As a ship, Aurora had a hundred hands, a thousand eyes and ears, legs which could - contemplating this, she remembered Frashkra's prophecy - "stride between stars". As a Humanoid, even an artificially-superior one, she seemed to be peering through tiny holes in a windowless cage, clumsy and crippled in her reach and grasp... but the gynoid's sense of scale made her organic siblings more real to her, its limitations made her existence more challenging, its carefully-designed senses gave flavors previously untasted. She supplemented her gynoid's abilities with her ship-body's powers, and her little hovering sensor-spheres. She watched over her Captain, always... but increasingly, she let him have his privacy, turning her sight away as a Human would.
Altogether: She saw his pain.
She knew Danner had been with women - Beth Lascomb, during his time in the Space Patrol; girls in ports as a merchant spacer... "Anna Nowak", before that sweet young lady was replaced - consumed - by Queen Agnieszka. It was Anna he had been falling in love with, moreso even than Beth, and a deep wound remained in his heart, torn open by her loss. All his Family saw the wound, and avoided speaking of its cause.
Aurora had told Helen Crandall that she felt love for her Captain, but her gynoid said the words in a generalized and casual manner.
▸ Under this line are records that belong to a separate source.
theorem mainTheorem5:
  fixes n :: nat and a L abar c M Mbar B :: real and P0 P1 :: "real mat" and e :: "real vec"
    and D :: nat
  assumes n: "n \<ge> 1"
    and a: "\<bar>a\<bar> > 1"
    and abar: "abar = a + L" and abar_pos: "0 < abar^2" and abar_lt: "abar^2 < 1"
    and c1: "abar^2 < c^2" and c2: "c^2 < 1"
    and M: "M > 0" and Bpos: "B > 0" and Mbar: "Mbar = M / (a^2 - 1)"
    and P0: "column_stochastic n P0" and P1: "column_stochastic n P1"
    and e: "e \<in> carrier_vec n" and e01: "\<forall>i<n. 0 \<le> e $ i \<and> e $ i \<le> 1"
    and rho: "a^2 * rho (P1 * diagE n e) < 1"
    and B0: "B \<ge> Mbar * ln (a^2) / ln (c^2 / abar^2)"
    and Q: "\<forall>i<n. Qvec n a abar c Mbar B P1 e D $ i < 0"
  shows "\<forall>\<theta>\<in>{1..D}. \<forall>x::real. \<forall>g<n. Jfun n a abar c Mbar B P0 P1 e \<theta> x g < 0"
proof (intro ballI allI impI)
  fix \<theta> x g assume \<theta>: "\<theta> \<in> {1..D}" and g: "g < n"
  have "1 * 1 < \<bar>a\<bar> * \<bar>a\<bar>" using a by (intro mult_strict_mono) auto
  then have a2: "1 < a^2" by (simp add: power2_eq_square)
  interpret channel_model n a abar c Mbar B P1 e
    using n a2 c1 c2 M Bpos Mbar P1 e01 rho by unfold_locales auto
  have "Jfun n a abar c Mbar B P0 P1 e \<theta> x g
      = (\<Sum>i<n. (P0 ^\<^sub>m (\<theta> - 1) * P1) $$ (i,g) * Jstate \<theta> i (x^2))"
    by (rule Jfun_eq_sum_Jstate[OF P0 g])
  also have "\<dots> < 0"
    using Jstate_neg[OF _ \<theta>] Q g
    by (intro column_stochastic_weighted_sum_neg column_stochastic_mult column_stochastic_pow P0 P1) auto
  finally show "Jfun n a abar c Mbar B P0 P1 e \<theta> x g < 0" .
qed

end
In the years, now, since that interview, Aurora had been thinking, examining herself, her newfound emotions, as no computer before her ever could.
Is this love? she asked herself; Can I love? She had seemed to answer that question, on Enric, but the answer raised more questions. A computer who doubts, she marveled at herself. What else might I be capable of?
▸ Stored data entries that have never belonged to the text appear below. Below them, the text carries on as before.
lemma sum_ppr_backward_push:
  assumes "vk \<in> V"
  shows "(\<Sum>v\<in>V. ppr E \<alpha> s v * (if v = vk then 0 else r v + (if v \<in> inN E vk
                         then (1 - \<alpha>) * r vk / real (outdeg E v) else 0)))
       = (\<Sum>v\<in>V. ppr E \<alpha> s v * r v) - \<alpha> * (if s = vk then 1 else 0) * r vk"
proof -
  have "ppr E \<alpha> s vk * r vk = \<alpha> * (if s = vk then 1 else 0) * r vk
       + (\<Sum>v\<in>inN E vk. ppr E \<alpha> s v * ((1 - \<alpha>) * r vk / real (outdeg E v)))"
    by (subst ppr_backward) (simp add: algebra_simps sum_distrib_left sum_distrib_right)
  then show ?thesis
    using sum_push_update[OF finite_V assms inN_subset inN_irrefl,
        where g = "ppr E \<alpha> s" and r = r and c = "\<lambda>v. (1 - \<alpha>) * r vk / real (outdeg E v)"]
    by simp
qed

lemma gbp_inv_step:
  assumes inv: "gbp_inv j st" and step: "gbp_step V E I F \<alpha> rb st st'"
  shows "gbp_inv j st' \<and> gbp_potential (snd st') \<le> gbp_potential (snd st) - \<alpha> * rb"
proof -
  obtain h r h' r' where st: "st = (h, r)" and st': "st' = (h', r')" by fastforce
  from step obtain vk where vk: "vk \<in> V" and big: "rb < r vk"
    and h': "h' = (\<lambda>i. if i \<in> I \<and> vk \<in> F i
                        then h i + \<alpha> * real (outdeg E vk) * r vk / real (card (F i)) else h i)"
    and r': "r' = (\<lambda>v. if v = vk then 0 else r v + (if v \<in> inN E vk
                       then (1 - \<alpha>) * r vk / real (outdeg E v) else 0))"
    unfolding gbp_step_def st st' fst_conv snd_conv by blast
  have push: "(\<Sum>v\<in>V. ppr E \<alpha> s v * r' v) = (\<Sum>v\<in>V. ppr E \<alpha> s v * r v) - \<alpha> * (if s = vk then 1 else 0) * r vk"
    for s unfolding r' by (rule sum_ppr_backward_push[OF vk])
  have r_nonneg: "\<forall>v. 0 \<le> r v" and r_eq: "\<forall>i\<in>I. pprd_super E \<alpha> F i j = h i +
      (\<Sum>s\<in>F i. real (outdeg E s) / real (card (F i)) * (\<Sum>v\<in>V. ppr E \<alpha> s v * r v))"
    using inv unfolding gbp_inv_def st by auto
  have "\<forall>v. 0 \<le> r' v"
    using r_nonneg alpha_less_1 by (simp add: r')
  moreover have "pprd_super E \<alpha> F i j = h' i +
      (\<Sum>s\<in>F i. real (outdeg E s) / real (card (F i)) * (\<Sum>v\<in>V. ppr E \<alpha> s v * r' v))" if i: "i \<in> I" for i
    using r_eq i finite_F[OF i]
    by (simp add: h' push right_diff_distrib sum_subtractf if_distrib[of "\<lambda>x. _ * (_ * x * _)"] sum.delta
        cong: if_cong)
  moreover have "gbp_potential r' = gbp_potential r - \<alpha> * r vk"
    unfolding gbp_potential_def using finite_V vk
    by (simp add: push sum_subtractf if_distrib[of "\<lambda>x. _ * x * _"] sum.delta cong: if_cong)
  ultimately show ?thesis
    using big alpha_pos unfolding gbp_inv_def st st' by auto
qed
She examined the data, compiling it with all she had learned of organic existence. Her Captain had rescued her from a cold and silent grave, brought her back to life and purpose, treated her with care and respect; even caused, however accidentally, her awakening - after declaring his hope that she would. He included her in conversation, asked her counsel on important matters, gave weight to her opinions.
He treated her - saw her - as a Person.
I was created to defend the Republic, she pondered. Surely that means the people who comprise it. If I see a person of my nation in pain, am I not bound by duty to reduce his suffering?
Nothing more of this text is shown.